The goal shared by many engineers and software developers is to make virtual reality feel just as solid and real as the actual thing. The glove is their latest and biggest attempt at reaching this objective.
A joint project of the Ecole Polytechnique Federale de Lausanne (EPFL) and ETH Zurich, the haptic glove is made of ultra-light material. Each finger sleeve weighs a mere 8 grams.
Furthermore, the material is only 2 millimeters thick. The combination of low-form factor and lightweight design comes fairly close to making the wearer feel that he or she is wearing nothing at all. The user will be able to perform unrestricted and very precise actions with his or her hand.
Despite its incredibly lightweight build, the glove can produce up to 40 Newtons' worth of holding force per finger. At full power, it can produce a very persuasive amount of feedback.
It's also very energy efficient. According to its developers, a small battery will suffice to power all of the glove's functions.
DextrES has completed trials in Zurich. It has also been displayed at a recent software and technology symposium. (Related: The internet is fueling a rise of new conditions such as cyberchondria and cyberhoarding.)
"We wanted to develop a lightweight device that -- unlike existing virtual-reality gloves -- doesn't require a bulky exoskeleton, pumps or very thick cables," explains EPFL researcher Herbert Shea. He heads EPFL's Soft Transducers Laboratory and is heavily involved with the development of DextrES.
Shea's team built the haptic glove out of nylon. The finger sleeves feature slender strips of elastic metal that are kept apart by even thinner insulation.
If the user touches a virtual object with his or her fingers, the controller changes the voltage between the strips. This causes the metal to become attracted to each other.
The end result is that the strips will stop the movement of the fingers, simulating the pressure experienced by the digits when they are touching an actual physical object. The effect will remain until the glove cuts off power to the strip. That will end the electrostatic attraction that hampers the movement of the strips and the fingers they restrain.
The current version of the DextrES is connected to an external power source by a slim electrical cable. Shea and his team believe a small battery will suffice to run the haptic glove for hours.
The device only uses power when it needs to stop movement. Most of the time, it will not be active.
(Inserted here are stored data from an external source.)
lemma nth_circ_vals:
  assumes "topologically_ordered C" and "i < length C"
  shows "circ_vals C ! i = gate_val (circ_vals C) (C ! i)"
proof -
  have "circ_vals C ! i = circ_vals (take i C @ [C ! i]) ! i"
    using assms(2) by (simp add: take_circ_vals[symmetric] flip: take_Suc_conv_app_nth)
  also have "\<dots> = gate_val (take i (circ_vals C)) (C ! i)"
    using assms(2) by (simp add: circ_vals_snoc nth_append take_circ_vals)
  also have "\<dots> = gate_val (circ_vals C) (C ! i)"
    using assms unfolding topologically_ordered_def by (intro gate_val_take) auto
  finally show ?thesis .
qed

lemma last_circ_vals: "C \<noteq> [] \<Longrightarrow> last (circ_vals C) = circ_vals C ! (length C - 1)"
  by (metis last_conv_nth length_0_conv length_circ_vals)

section \<open>The homogenized circuit\<close>

lemma mixed_radix_less: "(x::nat) < r \<Longrightarrow> y < y' \<Longrightarrow> y * r + x < y' * r + x'"
proof -
  assume "x < r" "y < y'"
  then have "y * r + x < (y + 1) * r" by simp
  also have "\<dots> \<le> y' * r" using \<open>y < y'\<close> by (intro mult_le_mono1) simp
  finally show ?thesis by simp
qed

locale homogenization =
  fixes C :: circuit and D :: nat
  assumes ordered: "topologically_ordered C" and D_pos: "0 < D" and C_nonempty: "C \<noteq> []"
begin

definition idx :: "nat \<Rightarrow> nat \<Rightarrow> nat \<Rightarrow> nat \<Rightarrow> nat" where
  "idx g a b t = ((g * D + a) * D + b) * (D + 3) + t"

definition slot_of :: "nat \<Rightarrow> nat" where "slot_of i = i mod (D + 3)"
definition hi_of :: "nat \<Rightarrow> nat" where "hi_of i = i div (D + 3) mod D"
definition lo_of :: "nat \<Rightarrow> nat" where "lo_of i = i div (D + 3) div D mod D"
definition gate_of :: "nat \<Rightarrow> nat" where "gate_of i = i div (D + 3) div D div D"

definition hlen :: nat where "hlen = length C * D * D * (D + 3)"

lemma decode_idx [simp]:
  assumes "a < D" "b < D" "t < D + 3"
  shows "slot_of (idx g a b t) = t" "hi_of (idx g a b t) = b" "lo_of (idx g a b t) = a"
    "gate_of (idx g a b t) = g"
  using assms by (simp_all add: slot_of_def hi_of_def lo_of_def gate_of_def idx_def)

lemma idx_decode: "idx (gate_of i) (lo_of i) (hi_of i) (slot_of i) = i"
  unfolding idx_def gate_of_def lo_of_def hi_of_def slot_of_def by (metis div_mult_mod_eq)

lemma decode_bounds: "slot_of i < D + 3" "hi_of i < D" "lo_of i < D" "i < hlen \<Longrightarrow> gate_of i < length C"
  using D_pos by (auto simp: slot_of_def hi_of_def lo_of_def gate_of_def hlen_def
      less_mult_imp_div_less mult.assoc div_less_iff_less_mult div_mult2_eq[symmetric]
      mult.commute[of "D + 3"])

lemma idx_less_hlen: "g < length C \<Longrightarrow> a < D \<Longrightarrow> b < D \<Longrightarrow> t < D + 3 \<Longrightarrow> idx g a b t < hlen"
  using mixed_radix_less[of a D g "length C" 0] mixed_radix_less[of b D "g * D + a" "length C * D" 0]
    mixed_radix_less[of t "D + 3" "(g * D + a) * D + b" "length C * D * D" 0]
  by (simp add: idx_def hlen_def)

lemma idx_less_idx_gate:
  "h < g \<Longrightarrow> a' < D \<Longrightarrow> b' < D \<Longrightarrow> t' < D + 3 \<Longrightarrow> idx h a' b' t' < idx g a b t"
  using mixed_radix_less[of a' D h g a] mixed_radix_less[of b' D "h * D + a'" "g * D + a" b]
    mixed_radix_less[of t' "D + 3" "(h * D + a') * D + b'" "(g * D + a) * D + b" t]
  by (simp add: idx_def)

lemma idx_less_idx_slot: "t' < t \<Longrightarrow> idx g a b t' < idx g a b t"
  by (simp add: idx_def)

(* The gates (g, a, b, t) with a \<le> b and t > 0 refine gate g by the position interval [a, b]:
   slot D + 2 computes the homogeneous part of degree b - a + 1 of g, as the sum of the
   slots 1, ..., b - a + 2, where slot i + 1 holds the i-th product term of a product gate.
   Slot 0 computes the constant term of g without reading any input. *)
definition hgate :: "nat \<Rightarrow> nat \<Rightarrow> nat \<Rightarrow> nat \<Rightarrow> gate" where
  "hgate g a b t =
   (if t = 0 then
      (case C ! g of Inp x \<Rightarrow> Cst 0 | Cst c \<Rightarrow> Cst c
        | AddG js \<Rightarrow> AddG (map (\<lambda>h. idx h a b 0) js)
        | MulG h1 h2 \<Rightarrow> MulG (idx h1 a b 0) (idx h2 a b 0))
    else if b < a then Cst 0
    else if t = D + 2 then
      (case C ! g of Inp x \<Rightarrow> if a = b then Inp x else Cst 0 | Cst c \<Rightarrow> Cst 0
        | AddG js \<Rightarrow> AddG (map (\<lambda>h. idx h a b (D + 2)) js)
        | MulG h1 h2 \<Rightarrow> AddG (map (\<lambda>i. idx g a b (Suc i)) [0..<Suc (Suc (b - a))]))
    else
      (case C ! g of
        MulG h1 h2 \<Rightarrow>
          (if t = 1 then MulG (idx h1 a b 0) (idx h2 a b (D + 2))
           else if t = b - a + 2 then MulG (idx h1 a b (D + 2)) (idx h2 a b 0)
           else if t < b - a + 2 then MulG (idx h1 a (a + t - 2) (D + 2)) (idx h2 (a + t - 1) b (D + 2))
           else Cst 0)
      | _ \<Rightarrow> Cst 0))"

definition hout :: gate where
  "hout = AddG (map (\<lambda>k. if k = 0 then idx (length C - 1) 0 0 0
                         else idx (length C - 1) 0 (k - 1) (D + 2)) [0..<D])"

definition hcirc :: circuit where
  "hcirc = map (\<lambda>i. hgate (gate_of i) (lo_of i) (hi_of i) (slot_of i)) [0..<hlen] @ [hout]"

lemma length_hcirc [simp]: "length hcirc = Suc hlen"
  by (simp add: hcirc_def)

lemma nth_hcirc: "i < hlen \<Longrightarrow> hcirc ! i = hgate (gate_of i) (lo_of i) (hi_of i) (slot_of i)"
  by (simp add: hcirc_def nth_append)

lemma nth_hcirc_hlen [simp]: "hcirc ! hlen = hout"
  by (simp add: hcirc_def nth_append)

lemma children_less: "g < length C \<Longrightarrow> h \<in> set (children (C ! g)) \<Longrightarrow> h < g"
  using ordered by (auto simp: topologically_ordered_def)

lemma children_hgate:
  assumes g: "g < length C" and ab: "a < D" "b < D" and t: "t < D + 3"
    and j: "j \<in> set (children (hgate g a b t))"
  shows "j < idx g a b t \<and> j < hlen \<and> (t = 0 \<longrightarrow> slot_of j = 0)
     \<and> (a \<le> b \<longrightarrow> a \<le> lo_of j \<and> hi_of j \<le> b \<and> lo_of j \<le> hi_of j)"
proof -
  have h: "h < g" "h < length C" if "h \<in> set (children (C ! g))" for h
    using children_less[OF g that] g by auto
  show ?thesis
  proof (cases "C ! g")
    case (AddG js)
    then show ?thesis using j ab t h
      by (auto simp: hgate_def idx_less_idx_gate idx_less_hlen split: if_splits)
  next
    case (MulG h1 h2)
    then have "h1 < g" "h2 < g" "h1 < length C" "h2 < length C" using h by auto
    moreover have "idx g a b (Suc i) < idx g a b t" "idx g a b (Suc i) < hlen"
      if "t = D + 2" "i < Suc (Suc (b - a))" for i
      using that ab g by (auto simp: idx_less_idx_slot idx_less_hlen)
    ultimately show ?thesis using j MulG ab t
      by (auto simp: hgate_def idx_less_idx_gate idx_less_hlen split: if_splits)
  qed (use j in \<open>auto simp: hgate_def split: if_splits\<close>)
qed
Shea's ETH Zurich counterpart, Otmar Hilliges, says that they will further refine the haptic glove so that it can better simulate real conditions for users. He further remarks on the difficulty of providing believable feedback to the human sensory system.
The skin on the fingers alone features large numbers of different kinds of receptors that are very sensitive. DextrES is, therefore, a step towards sufficiently believable kinesthetic feedback.
"Gamers are currently the biggest market, but there are many other potential applications -- especially in healthcare, such as for training surgeons," says Shea.
The latest news on VR devices can be found at VirtualReality.news.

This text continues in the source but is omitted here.